> Data provided
(* Let $s,m$ be positive integers with $n=sm$ odd, and let $k$ be a positive integer with $\gcd(n,k)=1$. Fix $\alpha\in\mathbb{F}_{2^s}\setminus\{0\}$ and let \[ G(x)=x^{2^k+1}+\alpha+\alpha(x^{2^s}+x)^{2^n-1}=\begin{cases}x^{2^k+1}+\alpha, & x\in\mathbb{F}_{2^s},\\ x^{2^k+1}, & x\notin\mathbb{F}_{2^s},\end{cases} \] as a function $\mathbb{F}_{2^n}\to\mathbb{F}_{2^n}$. Then $\delta_{G,c}\leq 6$ for every $c\in\mathbb{F}_{2^s}\setminus\{1\}$. Moreover, if $3\nmid m$, then $\delta_{G,c}\leq 5$ for every $c\in\mathbb{F}_{2^s}\setminus\{1\}$.
   Context: For $F:\mathbb{F}_{2^n}\to\mathbb{F}_{2^n}$ and $c\in\mathbb{F}_{2^n}$, let ${}_c\Delta_F(a,b)=\#\{x\in\mathbb{F}_{2^n}: F(x+a)-cF(x)=b\}$ and the $c$-differential uniformity is $\delta_{F,c}=\max\{{}_c\Delta_F(a,b): a,b\in\mathbb{F}_{2^n},\ a\neq 0\text{ if } c=1\}$. *)

theory Defs
  imports Main
begin

definition c_delta :: "('a::{field,finite} \<Rightarrow> 'a) \<Rightarrow> 'a \<Rightarrow> 'a \<Rightarrow> 'a \<Rightarrow> nat" where
  "c_delta F c a b = card {x. F (x + a) - c * F x = b}"

definition c_diff_unif :: "('a::{field,finite} \<Rightarrow> 'a) \<Rightarrow> 'a \<Rightarrow> nat" where
  "c_diff_unif F c = Max {c_delta F c a b | a b. a \<noteq> 0 \<or> c \<noteq> 1}"

text \<open>The subfield F_{2^s} of a field with 2^n elements (s dividing n): fixed points of x \<mapsto> x^(2^s).\<close>
definition subfield2 :: "nat \<Rightarrow> 'a::field set" where
  "subfield2 s = {x. x ^ (2 ^ s) = x}"

end

theory Submission
  imports Defs "HOL-Number_Theory.Residues" "HOL-Computational_Algebra.Primes"
begin

text \<open>
  Write \<open>q = 2^k\<close> and \<open>S = F_(2^s)\<close>. In characteristic 2, \<open>G\<close> is \<open>x^(q+1)\<close> plus \<open>\<alpha>\<close>
  times the indicator of \<open>S\<close>, so according to whether \<open>x\<close> and \<open>x + a\<close> lie in \<open>S\<close> the
  equation \<open>G(x + a) - c G(x) = b\<close> becomes \<open>(x + a)^(q+1) + c x^(q+1) = b'\<close> for a few
  constants \<open>b'\<close>. For \<open>c \<noteq> 1\<close> such an equation has at most 3 roots: given one root \<open>x0\<close>,
  \<open>z = 1/(x - x0)\<close> solves \<open>A + B z + C z^q = 0\<close> with \<open>A = 1 + c \<noteq> 0\<close>, whose solutions form
  a coset of the kernel of \<open>B z + C z^q\<close>, of size at most 2 since \<open>gcd k n = 1\<close>.

  If \<open>a \<in> S\<close> this gives at most \<open>3 + 3\<close> roots. If moreover \<open>3\<close> does not divide \<open>m\<close>,
  the Frobenius \<open>x \<mapsto> x^(2^s)\<close> permutes the at most 3 roots of an equation with coefficients
  in \<open>S\<close>, and as \<open>m\<close> is prime to 2 and 3 all orbits are trivial; so either no root or all
  roots lie in \<open>S\<close>, and only one of the two equations contributes. If \<open>a \<notin> S\<close>, the two mixed
  cases have at most one root each: comparing two roots in \<open>S\<close> and the Frobenius images of
  their equations shows that their difference solves a linearized equation whose only nonzero
  root \<open>a + a^(2^s)\<close> is not in \<open>S\<close> (\<open>m\<close> being odd).
  This gives at most \<open>1 + 1 + 3\<close> roots.
\<close>

section \<open>Finite fields of characteristic two\<close>

lemma power_card_UNIV_eq_same:
  fixes x :: "'a::{field,finite}"
  shows "x ^ card (UNIV :: 'a set) = x"
proof (cases "x = 0")
  case False
  define U where "U = \<lparr>carrier = UNIV - {0 :: 'a}, monoid.mult = ((*) :: 'a \<Rightarrow> 'a \<Rightarrow> 'a), one = 1\<rparr>"
  interpret group U
  proof (rule groupI)
    fix y assume "y \<in> carrier U"
    then show "\<exists>z\<in>carrier U. z \<otimes>\<^bsub>U\<^esub> y = \<one>\<^bsub>U\<^esub>"
      by (intro bexI[of _ "inverse y"]) (auto simp: U_def)
  qed (simp_all add: U_def mult.assoc)
  have pow: "y [^]\<^bsub>U\<^esub> (j::nat) = y ^ j" for y :: 'a and j
    by (induction j) (simp_all add: U_def)
  have "x ^ (card (UNIV :: 'a set) - 1) = 1"
    using pow_order_eq_1[of x] False unfolding pow by (simp add: order_def U_def)
  moreover have "card (UNIV :: 'a set) = Suc (card (UNIV :: 'a set) - 1)"
    using finite_UNIV_card_ge_0[where ?'a = 'a] by simp
  ultimately show ?thesis
    by (metis power_Suc2 mult_1)
qed (use finite_UNIV_card_ge_0[where ?'a = 'a] in auto)

lemma power_card_UNIV_minus_1:
  fixes v :: "'a::{field,finite}"
  shows "v ^ (card (UNIV :: 'a set) - 1) = (if v = 0 then 0 else 1)"
proof -
  have "card {0, 1 :: 'a} \<le> card (UNIV :: 'a set)"
    by (rule card_mono) simp_all
  then have two_le: "2 \<le> card (UNIV :: 'a set)"
    by simp
  show ?thesis
  proof (cases "v = 0")
    case False
    have "v ^ (card (UNIV :: 'a set) - 1) * v = v ^ card (UNIV :: 'a set)"
      using two_le power_Suc2[of v "card (UNIV :: 'a set) - 1"] by simp
    with False show ?thesis
      by (simp add: power_card_UNIV_eq_same)
  qed (use two_le in simp)
qed

lemma CHAR_eq_2_if_card_eq_power_2:
  assumes "card (UNIV :: 'a::{field,finite} set) = 2 ^ n"
  shows "CHAR('a) = 2"
proof -
  have "prime CHAR('a)"
    by (intro prime_CHAR_semidom finite_imp_CHAR_pos) simp
  moreover have "CHAR('a) dvd 2 ^ n"
    using CHAR_dvd_CARD[where 'a = 'a] assms by simp
  ultimately show ?thesis
    using prime_dvd_power primes_dvd_imp_eq two_is_prime_nat by blast
qed

lemma add_self_CHAR_2:
  fixes x :: "'a::ring_1"
  assumes "CHAR('a) = 2"
  shows "x + x = 0"
  using uminus_CHAR_2[OF assms, of x] by (metis add.right_inverse)

lemma add_add_cancel_CHAR_2:
  fixes x y :: "'a::ring_1"
  assumes "CHAR('a) = 2"
  shows "x + y + y = x"
  by (simp add: add.assoc add_self_CHAR_2[OF assms])

lemma add_eq_iff_CHAR_2:
  fixes u v w :: "'a::ring_1"
  assumes "CHAR('a) = 2"
  shows "u + v = w \<longleftrightarrow> u = w + v"
  by (metis add_diff_cancel minus_CHAR_2[OF assms] diff_add_cancel)

lemma add_power_two_pow_CHAR_2:
  fixes x y :: "'a::comm_ring_1"
  assumes "CHAR('a) = 2"
  shows "(x + y) ^ (2 ^ j) = x ^ (2 ^ j) + y ^ (2 ^ j)"
  by (rule freshmans_dream') (simp_all add: assms)

lemma diff_power_two_pow_CHAR_2:
  fixes x y :: "'a::comm_ring_1"
  assumes "CHAR('a) = 2"
  shows "(x - y) ^ (2 ^ j) = x ^ (2 ^ j) - y ^ (2 ^ j)"
  by (simp add: minus_CHAR_2[OF assms] add_power_two_pow_CHAR_2[OF assms])

lemma power_two_pow_inj_CHAR_2:
  fixes x y :: "'a::idom"
  assumes "CHAR('a) = 2" and "x ^ (2 ^ j) = y ^ (2 ^ j)"
  shows "x = y"
  using diff_power_two_pow_CHAR_2[OF assms(1), of x y j] assms(2) by simp

lemma power_power_eq_same_gcd:
  fixes x :: "'a::monoid_mult" and b :: nat
  assumes i: "x ^ (b ^ i) = x" and j: "x ^ (b ^ j) = x"
  shows "x ^ (b ^ gcd i j) = x"
proof (cases "i = 0")
  case False
  have iter: "x ^ (b ^ (l * u)) = x" if "x ^ (b ^ l) = x" for l u
    using that by (induction u) (simp_all add: power_add power_mult)
  obtain u v where uv: "i * u = j * v + gcd i j"
    using bezout_nat[OF False] by blast
  have "x = x ^ (b ^ (j * v) * b ^ gcd i j)"
    using iter[OF i, of u] by (simp add: uv power_add)
  also have "\<dots> = x ^ (b ^ gcd i j)"
    by (subst power_mult) (simp only: iter[OF j])
  finally show ?thesis ..
qed (use j in simp)

section \<open>Linearized polynomials and the Gold function\<close>

lemma fixed_power_two_pow_coprime:
  fixes t :: "'a::{field,finite}"
  assumes card: "card (UNIV :: 'a set) = 2 ^ n" and "coprime k n" and "t ^ (2 ^ k) = t"
  shows "t = 0 \<or> t = 1"
proof -
  have "t ^ (2 ^ n) = t"
    using power_card_UNIV_eq_same[of t] card by simp
  then have "t ^ (2 ^ gcd k n) = t"
    by (rule power_power_eq_same_gcd[OF assms(3)])
  then have "t ^ 2 = t"
    using assms(2) by simp
  then have "t * (t - 1) = 0"
    by (simp add: right_diff_distrib power2_eq_square)
  then show ?thesis
    by simp
qed

lemma linearized_root_unique:
  fixes B C w w' :: "'a::{field,finite}"
  assumes card: "card (UNIV :: 'a set) = 2 ^ n" and cop: "coprime k n" and BC: "B \<noteq> 0 \<or> C \<noteq> 0"
    and w: "B * w + C * w ^ (2 ^ k) = 0" "w \<noteq> 0"
    and w': "B * w' + C * w' ^ (2 ^ k) = 0" "w' \<noteq> 0"
  shows "w = w'"
proof -
  have C: "C \<noteq> 0"
    using BC w by auto
  have e: "C * w ^ (2 ^ k) = - (B * w)" and e': "C * w' ^ (2 ^ k) = - (B * w')"
    using w(1) w'(1) by (simp_all only: add_eq_0_iff)
  have "C * (w ^ (2 ^ k) * w') = (C * w ^ (2 ^ k)) * w'"
    by (simp only: mult.assoc)
  also have "\<dots> = (C * w' ^ (2 ^ k)) * w"
    by (simp add: e e' mult_ac)
  also have "\<dots> = C * (w' ^ (2 ^ k) * w)"
    by (simp only: mult.assoc)
  finally have "C * (w ^ (2 ^ k) * w') = C * (w' ^ (2 ^ k) * w)" .
  then have "(w / w') ^ (2 ^ k) = w / w'"
    using C w'(2) by (simp add: power_divide field_simps)
  then have "w / w' = 0 \<or> w / w' = 1"
    by (rule fixed_power_two_pow_coprime[OF card cop])
  then have "w / w' = 1"
    using w(2) w'(2) by simp
  then show ?thesis
    using w'(2) by simp
qed

lemma card_linearized_roots_le_2:
  fixes B C :: "'a::{field,finite}"
  assumes card: "card (UNIV :: 'a set) = 2 ^ n" and "coprime k n" and "B \<noteq> 0 \<or> C \<noteq> 0"
  shows "card {w. B * w + C * w ^ (2 ^ k) = 0} \<le> 2"
proof (cases "\<exists>w0. w0 \<noteq> 0 \<and> B * w0 + C * w0 ^ (2 ^ k) = 0")
  case True
  then obtain w0 where "w0 \<noteq> 0" "B * w0 + C * w0 ^ (2 ^ k) = 0"
    by blast
  then have "{w. B * w + C * w ^ (2 ^ k) = 0} \<subseteq> {0, w0}"
    using linearized_root_unique[OF assms] by blast
  then have "card {w. B * w + C * w ^ (2 ^ k) = 0} \<le> card {0, w0}"
    by (intro card_mono) simp_all
  also have "\<dots> \<le> 2"
    by (simp add: card_insert_if)
  finally show ?thesis .
next
  case False
  then have "{w. B * w + C * w ^ (2 ^ k) = 0} \<subseteq> {0}"
    by blast
  then have "card {w. B * w + C * w ^ (2 ^ k) = 0} \<le> card {0 :: 'a}"
    by (intro card_mono) simp_all
  then show ?thesis
    by simp
qed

> What needs to be done
Looking at the data above, show all lines where the word "bsub" occurs.

> Exercise result
    then show "\<exists>z\<in>carrier U. z \<otimes>\<^bsub>U\<^esub> y = \<one>\<^bsub>U\<^esub>"
  have pow: "y [^]\<^bsub>U\<^esub> (j::nat) = y ^ j" for y :: 'a and j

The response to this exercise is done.